The Qinghai-Tibet Railway, a link to the "roof of the world," is one of the country's pioneering scientific feats that stunned the world. Running higher than any other railway in the world, it passes through remote regions of Tibet and covers more than 500 km of permafrost, which may melt when temperatures rise and destabilize the roadbeds. Intensifying global warming has even defied a batch of routine counter-measures such as raising embankments and paving the track with heat-insulating materials.

After decades of research, Chinese scientists and engineers have come up with a set of roadbed-cooling measures to prevent the permafrost from thawing. Among them, the most important is thermosyphons, steel pipes filled with an easily vaporizable liquid such as ammonia. As the liquid boils, the devices, embedded beneath the embankments, could absorb heat from the permafrost and transfer it into the air.

Another effective method to cool the permafrost is to install a block stone layer in the embankment or on a slope. In winter when surface temperature dips lower than that of the permafrost, natural air convection occurs in the block stone layer, removing heat from the permafrost. Meanwhile, a series of other cooling methods have also been adopted, including sunshine-shielding devices and crushed-rock revetments.

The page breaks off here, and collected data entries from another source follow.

(* Let $n\ge p$, $\mathcal X\in\mathrm{St}(n,p,l)$, $\mathcal U,\mathcal V\in T_{\mathcal X}\mathrm{St}(n,p,l)$, and let $R_{\mathcal X}(\mathcal U)=(\mathcal X+\mathcal U)*(\mathcal I+\mathcal U^\top*\mathcal U)^{-1/2}$ be the t-PD based retraction. Put $\mathcal P=(\mathcal I+\mathcal U^\top*\mathcal U)^{1/2}$, $\mathcal Y=R_{\mathcal X}(\mathcal U)=(\mathcal X+\mathcal U)*\mathcal P^{-1}$, and let $\mathcal S\in\mathbb R^{p\times p\times l}$ be given by $$\operatorname{vec}(\mathcal S)=\big(\widetilde{\operatorname{bcirc}}(\mathcal P)^\top\otimes I_p+[I_p]_{l\times l}\odot\operatorname{bcirc}(\mathcal P)\big)^{\dagger}\operatorname{vec}(\mathcal Y^\top*\mathcal V-\mathcal V^\top*\mathcal Y).$$ Then the vector transport by differentiated retraction $\mathcal T_{\mathcal U}\mathcal V:=\frac{d}{dt}R_{\mathcal X}(\mathcal U+t\mathcal V)\big|_{t=0}$ equals $$\mathcal T_{\mathcal U}\mathcal V=\mathcal Y*\mathcal S+(\mathcal I-\mathcal Y*\mathcal Y^\top)*\mathcal V*(\mathcal Y^\top*(\mathcal X+\mathcal U))^{-1}.$$
   Context: Frontal slices $A^{(i)}=\mathcal A(:,:,i)$. $\operatorname{bcirc}(\mathcal A)$ is the block circulant matrix whose $(i,j)$ block is $A^{(((i-j)\bmod l)+1)}$, and $\widetilde{\operatorname{bcirc}}(\mathcal A)$ is the block matrix whose $(i,j)$ block is $A^{(((j-i)\bmod l)+1)}$ (first block row $A^{(1)},A^{(2)},\dots,A^{(l)}$). The t-product is $\mathcal A*\mathcal B=\operatorname{fold}(\operatorname{bcirc}(\mathcal A)\operatorname{unfold}(\mathcal B))$, with $\operatorname{unfold}$ stacking frontal slices vertically and $\operatorname{fold}$ its inverse. Transpose: $\mathcal A^\top$ has frontal slices $(A^{(1)})^\top,(A^{(l)})^\top,\dots,(A^{(2)})^\top$. $\mathcal I$ identity tensor, $\mathcal A^{-1}$ t-product inverse. For a symmetric ($\mathcal A=\mathcal A^\top$) tensor that is t-positive definite ($\langle\mathcal Z,\mathcal A*\mathcal Z\rangle>0$ for nonzero $\mathcal Z\in\mathbb R^{p\times1\times l}$), $\mathcal A^{1/2}$ is the unique symmetric t-positive semidefinite $\mathcal S$ with $\mathcal S*\mathcal S=\mathcal A$ and $\mathcal A^{-1/2}=(\mathcal A^{1/2})^{-1}$. $\operatorname{vec}(\mathcal A)$ is the column-major vectorization $\mathcal A(:)$ (columns of $A^{(1)}$, then of $A^{(2)}$, etc.). $[I_p]_{l\times l}$ is the $pl\times pl$ block matrix all of whose $p\times p$ blocks equal $I_p$; for block matrices $M=[M_{ij}]$, $N=[N_{ij}]$ with the same block pattern $l\times l$, the Khatri–Rao product $M\odot N$ is the block matrix with $(i,j)$ block $M_{ij}\otimes N_{ij}$. $\dagger$ is the Moore–Penrose inverse. $\mathrm{St}(n,p,l)=\{\mathcal X\in\mathbb R^{n\times p\times l}:\mathcal X^\top*\mathcal X=\mathcal I\}$. *)

theory Defs
  imports Complex_Main "Jordan_Normal_Form.Matrix"
begin

text \<open>Third-order real tensors of size m x n x l are represented by the list of their
 l frontal slices A^(1),...,A^(l), each an m x n matrix (list index k = slice k+1).\<close>

type_synonym tensor = "real mat list"

definition tdims :: "nat \<Rightarrow> nat \<Rightarrow> nat \<Rightarrow> tensor \<Rightarrow> bool" where
  "tdims m n l A \<longleftrightarrow> length A = l \<and> (\<forall>M\<in>set A. M \<in> carrier_mat m n)"

definition bcirc :: "tensor \<Rightarrow> real mat" where
  "bcirc A = (let l = length A; m = dim_row (A!0); n = dim_col (A!0) in
     mat (m*l) (n*l) (\<lambda>(r,c). A ! nat ((int (r div m) - int (c div n)) mod int l) $$ (r mod m, c mod n)))"

definition bcirc_t :: "tensor \<Rightarrow> real mat" where
  "bcirc_t A = (let l = length A; m = dim_row (A!0); n = dim_col (A!0) in
     mat (m*l) (n*l) (\<lambda>(r,c). A ! nat ((int (c div n) - int (r div m)) mod int l) $$ (r mod m, c mod n)))"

A number of check stations have also been set up along the railway line to monitor temperature changes in the permafrost and ensure the absolute safety of the tracks, Zhang Luxin, a permafrost expert who participated in the railway construction, said in an interview with the Beijing News.

Designers tried to make a detour around the most unstable permafrost area, or build bridges to avoid permafrost when necessary, he added.

The challenges brought by the permafrost don't end there. They also made it difficult to build tunnels such as the Fenghuoshan Tunnel, the highest of its kind in the world. Tunnel blasting produces high-temperature and high-pressure gases that may disrupt the heat balance of permafrost, causing landslides. To offset this, the engineers developed a series of advanced technologies, such as air-conditioning and installing a heat-insulation and waterproof layer on the tunnel walls. They also used brine mud to plug the blast holes to cool the explosive gases.